There’s many problems in that code because it does nothing to validate that start and number_of_characters actually fit inside the string you pass in. If you passed in "Ok", 12, and 34, what would happen?

In memory safe JERK, it would throw errors at you because you’re trying to operate outside the boundaries of the array. In unsafe JERK, it would happily return data for the next 34 memory addresses starting 12 spots past the beginning of character_array.
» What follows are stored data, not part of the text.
(* Let $K$ be a field of characteristic $0$, and let $a(z)=\sum_{i=0}^u a_iz^i$, $b(z)=\sum_{j=0}^v b_jz^j\in K[z]$ with $a_u\ne0$, $b_v\neq 0$. Put $w=\max\{u-2,v-1\}$ and assume $w\ge 0$, and that if $u-1=v$ then $a_u(k+u)+b_v\neq0$ for all integers $k\ge0$. Let $L=-a(z)\frac{d}{dz}+b(z)$ and let $f_0(z),\ldots,f_w(z)\in(1/z)K[[1/z]]$ be linearly independent over $K$ with $L\cdot f_j(z)\in K[z]$ for $0\le j\le w$. Assume moreover that (a) for every positive integer $n$, the polynomials $na'(z)+b(z)$ and $a(z)$ are coprime, and (b) if $u-1=v$, then $a_u((k+1)u+n)+b_v\ne0$ for all integers $k,n\ge0$. Then for every integer $n\ge0$, $\Delta_n(z)\in K\setminus\{0\}$.
   Context: For $f=\sum_{k\ge0}f_k z^{-k-1}\in(1/z)K[[1/z]]$, $L\cdot f=-a(z)f'(z)+b(z)f(z)$ with termwise differentiation. The formal $f$-integration map $\varphi_f:K[t]\to K$ is the $K$-linear map with $\varphi_f(t^k)=f_k$ ($k\ge0$), extended $K[z]$-linearly to $K[z,t]\to K[z]$. Write $\varphi_j=\varphi_{f_j}$. For integers $n,\ell\ge0$ let $P_{n,\ell}(z)=\frac{1}{n!}\bigl(\frac{d}{dz}+\frac{b(z)}{a(z)}\bigr)^n\bigl(a(z)^n z^\ell\bigr)$ (the operator $\frac{d}{dz}+\frac{b}{a}$ applied $n$ times to $a^nz^\ell$; this is a polynomial), and $Q_{n,j,\ell}(z)=\varphi_j\bigl(\frac{P_{n,\ell}(z)-P_{n,\ell}(t)}{z-t}\bigr)\in K[z]$ for $0\le j\le w$. Then $\Delta_n(z)$ is the determinant of the $(w+2)\times(w+2)$ matrix whose first row is $(P_{n,0}(z),\ldots,P_{n,w+1}(z))$ and whose $(j+2)$-th row is $(Q_{n,j,0}(z),\ldots,Q_{n,j,w+1}(z))$ for $0\le j\le w$. *)

theory Defs
  imports "HOL-Computational_Algebra.Polynomial" "HOL-Computational_Algebra.Fraction_Field"
    "Jordan_Normal_Form.Determinant"
begin

text \<open>A formal series f = sum_k f_k z^(-k-1) in (1/z)K[[1/z]] is represented by its
coefficient sequence (k \<mapsto> f_k).\<close>

text \<open>Coefficient of z^e (e an integer) in L f = -a f' + b f, computed termwise:
 -a f' = sum_{i,k} (k+1) a_i f_k z^(i-k-2),  b f = sum_{j,k} b_j f_k z^(j-k-1).\<close>
definition L_coeff :: "'a::field poly \<Rightarrow> 'a poly \<Rightarrow> (nat \<Rightarrow> 'a) \<Rightarrow> int \<Rightarrow> 'a" where
  "L_coeff a b f e =
     (\<Sum>i\<le>degree a. if int i - 2 - e \<ge> 0
        then of_nat (nat (int i - 2 - e) + 1) * coeff a i * f (nat (int i - 2 - e)) else 0)
   + (\<Sum>j\<le>degree b. if int j - 1 - e \<ge> 0
        then coeff b j * f (nat (int j - 1 - e)) else 0)"

definition L_in_poly :: "'a::field poly \<Rightarrow> 'a poly \<Rightarrow> (nat \<Rightarrow> 'a) \<Rightarrow> bool" where
  "L_in_poly a b f \<longleftrightarrow> (\<forall>e<0. L_coeff a b f e = 0)"

definition fract_deriv :: "'a::field poly fract \<Rightarrow> 'a poly fract" where
  "fract_deriv x = (SOME y. \<exists>p q. q \<noteq> 0 \<and> x = Fract p q \<and>
       y = Fract (pderiv p * q - p * pderiv q) (q ^ 2))"

definition P_poly :: "'a::field_char_0 poly \<Rightarrow> 'a poly \<Rightarrow> nat \<Rightarrow> nat \<Rightarrow> 'a poly" where
  "P_poly a b n l = (THE p. Fract p 1 =
      inverse (of_nat (fact n)) *
      ((\<lambda>x. fract_deriv x + Fract b a * x) ^^ n) (Fract (a ^ n * monom 1 l) 1))"

text \<open>Bivariate polynomials in K[z,t] are represented as polynomials in t with coefficients
in K[z] (type 'a poly poly). The divided difference (P(z)-P(t))/(z-t):\<close>
definition div_diff :: "'a::field poly \<Rightarrow> 'a poly poly" where
  "div_diff P = ([:P:] - map_poly (\<lambda>c. [:c:]) P) div [:[:0, 1:], -1:]"

definition phi :: "(nat \<Rightarrow> 'a::field) \<Rightarrow> 'a poly poly \<Rightarrow> 'a poly" where
  "phi f Q = (\<Sum>k\<le>degree Q. smult (f k) (coeff Q k))"

definition Q_poly :: "'a::field_char_0 poly \<Rightarrow> 'a poly \<Rightarrow> (nat \<Rightarrow> 'a) \<Rightarrow> nat \<Rightarrow> nat \<Rightarrow> 'a poly" where
  "Q_poly a b fj n l = phi fj (div_diff (P_poly a b n l))"

definition Delta :: "'a::field_char_0 poly \<Rightarrow> 'a poly \<Rightarrow> nat \<Rightarrow> (nat \<Rightarrow> nat \<Rightarrow> 'a) \<Rightarrow> nat \<Rightarrow> 'a poly" where
  "Delta a b w f n = det (mat (w + 2) (w + 2)
     (\<lambda>(i, l). if i = 0 then P_poly a b n l else Q_poly a b (f (i - 1)) n l))"

end

theory Submission
  imports Defs
begin

text \<open>
  For a coefficient sequence f let psi_f(p) = sum_k f_k p_k. Since L f_j is a polynomial,
  psi_j vanishes on the image of the adjoint operator D q = (a q)' + b q. As P_{n,l} is an
  n-fold iterate of operators of this kind applied to z^l, integration by parts gives
  psi_j(z^s P_{n,l}) = 0 for s < n and psi_j(z^n P_{n,l}) = (-1)^n psi_j(a^n z^l), while
  condition (b) gives deg P_{n,l} = l + n (w + 1).

  Let d = (n + 1) (w + 1) and N = d + n + 1. Multiplying the rows j >= 1 of the matrix by z^N
  and subtracting the polynomial part of z^N f_j(z) times the first row turns Q_{n,j,l} into a
  remainder whose coefficient of z^e, for e >= d, is -psi_j(z^(N-1-e) P_{n,l}). So all entries
  have degree at most d, and z^(N (w+1)) Delta_n has degree at most (w + 2) d = N (w + 1), with
  top coefficient, up to sign, lead_coeff P_{n,w+1} times det (psi_j(a^n z^l))_{j,l <= w}.

  This determinant does not vanish: a kernel vector gives p ~= 0 with deg p <= w and
  psi_j(a^n p) = 0 for all j. Write a^n p = D q + r with deg r <= w. A sequence annihilating
  the image of D is determined by its first w + 1 terms, so linear independence of the f_j
  forces r = 0; and a^n p = D q is impossible by condition (a), which lets one divide q by a
  repeatedly. Hence Delta_n is a nonzero constant.
\<close>

section \<open>The moment functional\<close>

definition moment_functional :: "(nat \<Rightarrow> 'a::comm_semiring_0) \<Rightarrow> 'a poly \<Rightarrow> 'a" where
  "moment_functional f p = (\<Sum>k\<le>degree p. f k * coeff p k)"

lemma moment_functional_altdef:
  assumes "degree p \<le> n"
  shows "moment_functional f p = (\<Sum>k\<le>n. f k * coeff p k)"
  unfolding moment_functional_def
  by (rule sum.mono_neutral_left) (use assms in \<open>auto simp: coeff_eq_0\<close>)

lemma moment_functional_0 [simp]: "moment_functional f 0 = 0"
  by (simp add: moment_functional_def)

lemma moment_functional_add:
  "moment_functional f (p + q) = moment_functional f p + moment_functional f q"
proof -
  have "degree (p + q) \<le> max (degree p) (degree q)"
    by (rule degree_add_le) auto
  then show ?thesis
    by (simp add: moment_functional_altdef[of _ "max (degree p) (degree q)"] sum.distrib
        distrib_left)
qed

lemma moment_functional_smult:
  "moment_functional f (smult c p) = c * moment_functional f p"
  using degree_smult_le[of c p]
  by (simp add: moment_functional_altdef[of _ "degree p"] sum_distrib_left ac_simps)

lemma moment_functional_diff:
  fixes f :: "nat \<Rightarrow> 'a::comm_ring_1"
  shows "moment_functional f (p - q) = moment_functional f p - moment_functional f q"
  using moment_functional_add[of f p "-q"] moment_functional_smult[of f "-1" q] by simp

lemma moment_functional_sum:
  "moment_functional f (\<Sum>i\<in>I. p i) = (\<Sum>i\<in>I. moment_functional f (p i))"
  by (induction I rule: infinite_finite_induct) (auto simp: moment_functional_add)

lemma moment_functional_monom: "moment_functional f (monom c d) = f d * c"
proof -
  have "moment_functional f (monom c d) = (\<Sum>k\<le>d. if k = d then f d * c else 0)"
    unfolding moment_functional_altdef[OF degree_monom_le] by (rule sum.cong) (auto simp: coeff_monom)
  then show ?thesis
    by simp
qed

lemma moment_functional_lincomb:
  "moment_functional (\<lambda>k. \<Sum>j\<in>J. c j * f j k) p = (\<Sum>j\<in>J. c j * moment_functional (f j) p)"
  unfolding moment_functional_def sum_distrib_right sum_distrib_left
  by (subst sum.swap) (simp add: mult.assoc)

section \<open>The operators \<open>D_op\<close>\<close>

lemma pderiv_sum: "pderiv (\<Sum>i\<in>I. p i) = (\<Sum>i\<in>I. pderiv (p i))"
  by (induction I rule: infinite_finite_induct) (auto simp: pderiv_add)

text \<open>(d/dz + b/a) (a^c q) = a^(c-1) D_op a b c q, and D_op a b 1 is the adjoint of L with
  respect to moment_functional (see moment_functional_D_op_monom).\<close>

definition D_op :: "'a::idom poly \<Rightarrow> 'a poly \<Rightarrow> nat \<Rightarrow> 'a poly \<Rightarrow> 'a poly" where
  "D_op a b c q = a * pderiv q + (smult (of_nat c) (pderiv a) + b) * q"

lemma D_op_add: "D_op a b c (p + q) = D_op a b c p + D_op a b c q"
  by (simp add: D_op_def pderiv_add smult_add_right algebra_simps)

lemma D_op_smult: "D_op a b c (smult x p) = smult x (D_op a b c p)"
  by (simp add: D_op_def pderiv_smult smult_add_right)

lemma D_op_0 [simp]: "D_op a b c 0 = 0"
  by (simp add: D_op_def)

lemma D_op_sum: "D_op a b c (\<Sum>i\<in>I. p i) = (\<Sum>i\<in>I. D_op a b c (p i))"
  by (induction I rule: infinite_finite_induct) (auto simp: D_op_add)

lemma D_op_1_eq: "D_op a b 1 q = pderiv (a * q) + b * q"
  by (simp add: D_op_def pderiv_mult algebra_simps)

lemma D_op_mult_power: "D_op a b c (a ^ m * q) = a ^ m * D_op a b (c + m) q"
proof (induction m arbitrary: c)
  case (Suc m)
  have "D_op a b c (a * r) = a * D_op a b (Suc c) r" for c r
    by (simp add: D_op_def pderiv_mult smult_add_left algebra_simps)
  from this[of c "a ^ m * q"] Suc[of "Suc c"] show ?case
    by (simp add: mult.assoc)
qed simp

lemma mult_D_op_1: "q * D_op a b 1 g = D_op a b 1 (q * g) - a * pderiv q * g"
  by (simp add: D_op_def pderiv_mult algebra_simps)

lemma moment_functional_D_op_monom:
  fixes a b :: "'a::field_char_0 poly"
  shows "moment_functional f (D_op a b 1 (monom 1 m)) = L_coeff a b f (- int m - 1)"
proof -
  have "L_coeff a b f (- int m - 1) =
      (\<Sum>i\<le>degree a. f (i + m - 1) * (of_nat (i + m) * coeff a i)) +
      (\<Sum>j\<le>degree b. f (j + m) * coeff b j)"
    unfolding L_coeff_def
  proof (intro arg_cong2[where f = "(+)"] sum.cong refl)
    fix i
    show "(if int i - 2 - (- int m - 1) \<ge> 0 then of_nat (nat (int i - 2 - (- int m - 1)) + 1) *
          coeff a i * f (nat (int i - 2 - (- int m - 1))) else 0) =
        f (i + m - 1) * (of_nat (i + m) * coeff a i)"
    proof (cases "i + m = 0")
      case False
      then have "nat (int i - 2 - (- int m - 1)) = i + m - 1" "int i - 2 - (- int m - 1) \<ge> 0"
          "i + m - 1 + 1 = i + m"
        by linarith+
      then show ?thesis
        by (simp add: ac_simps)
    qed simp
  qed (auto simp: nat_add_distrib)
  moreover have "a * monom 1 m = (\<Sum>i\<le>degree a. monom (coeff a i) (i + m))"
    by (subst (1) poly_as_sum_of_monoms[symmetric, of a]) (simp add: sum_distrib_right mult_monom)
  moreover have "b * monom 1 m = (\<Sum>j\<le>degree b. monom (coeff b j) (j + m))"
    by (subst (1) poly_as_sum_of_monoms[symmetric, of b]) (simp add: sum_distrib_right mult_monom)
  ultimately show ?thesis
    unfolding D_op_1_eq by (simp add: moment_functional_add moment_functional_sum moment_functional_monom
        pderiv_sum pderiv_monom)
qed

lemma moment_functional_D_op_eq_0:
  fixes a b :: "'a::field_char_0 poly"
  assumes "L_in_poly a b f"
  shows "moment_functional f (D_op a b 1 q) = 0"
proof -
  have "q = (\<Sum>m\<le>degree q. smult (coeff q m) (monom 1 m))"
    by (simp add: smult_monom poly_as_sum_of_monoms)
  then have "D_op a b 1 q = (\<Sum>m\<le>degree q. smult (coeff q m) (D_op a b 1 (monom 1 m)))"
    by (metis (no_types, lifting) D_op_smult D_op_sum sum.cong)
  then have "moment_functional f (D_op a b 1 q) =
      (\<Sum>m\<le>degree q. coeff q m * L_coeff a b f (- int m - 1))"
    by (simp only: moment_functional_sum moment_functional_smult moment_functional_D_op_monom)
  also have "\<dots> = 0"
    using assms unfolding L_in_poly_def by (intro sum.neutral) auto
  finally show ?thesis .
qed

lemma coeff_mult_degree_bound_sum:
  fixes p q :: "'a::idom poly"
  assumes "degree p \<le> m" "degree q \<le> n"
  shows "coeff (p * q) (m + n) = coeff p m * coeff q n"
proof (cases "degree p = m \<and> degree q = n")
  case True
  then show ?thesis
    using coeff_mult_degree_sum[of p q] by simp
next
  case False
  then have "degree p < m \<or> degree q < n"
    using assms by auto
  moreover have "degree (p * q) \<le> degree p + degree q"
    by (rule degree_mult_le)
  ultimately show ?thesis
    using assms by (auto simp: coeff_eq_0)
qed

lemma degree_D_op_le:
  fixes a b q :: "'a::field_char_0 poly"
  assumes "degree a \<le> d + 1" "degree b \<le> d"
  shows "degree (D_op a b c q) \<le> degree q + d"
proof -
  have "degree (a * pderiv q) \<le> degree q + d"
  proof (cases "degree q = 0")
    case False
    then show ?thesis
      using degree_mult_le[of a "pderiv q"] assms(1) by (simp add: degree_pderiv)
  qed (simp add: iffD2[OF pderiv_eq_0_iff])
  moreover have "degree (smult (of_nat c) (pderiv a) + b) \<le> d"
    using assms degree_smult_le[of "of_nat c" "pderiv a"]
    by (intro degree_add_le) (auto simp: degree_pderiv)
  then have "degree ((smult (of_nat c) (pderiv a) + b) * q) \<le> degree q + d"
    using degree_mult_le[of "smult (of_nat c) (pderiv a) + b" q] by linarith
  ultimately show ?thesis
    unfolding D_op_def by (intro degree_add_le)
qed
Remember that in unsafe mode, JERK tracks the array as the address of the first memory position and relies on the programmer to know when to stop. We could even pass in a negative start value, thereby giving access to any memory that the program has access to.

Can you see the security problems? If I can access all memory, I can copy any data I want out of the application. Since code is also stored in memory, I can inject code of my choosing into memory. Now that I can fool your computer into running my code, what evil things can I get up to? Lots.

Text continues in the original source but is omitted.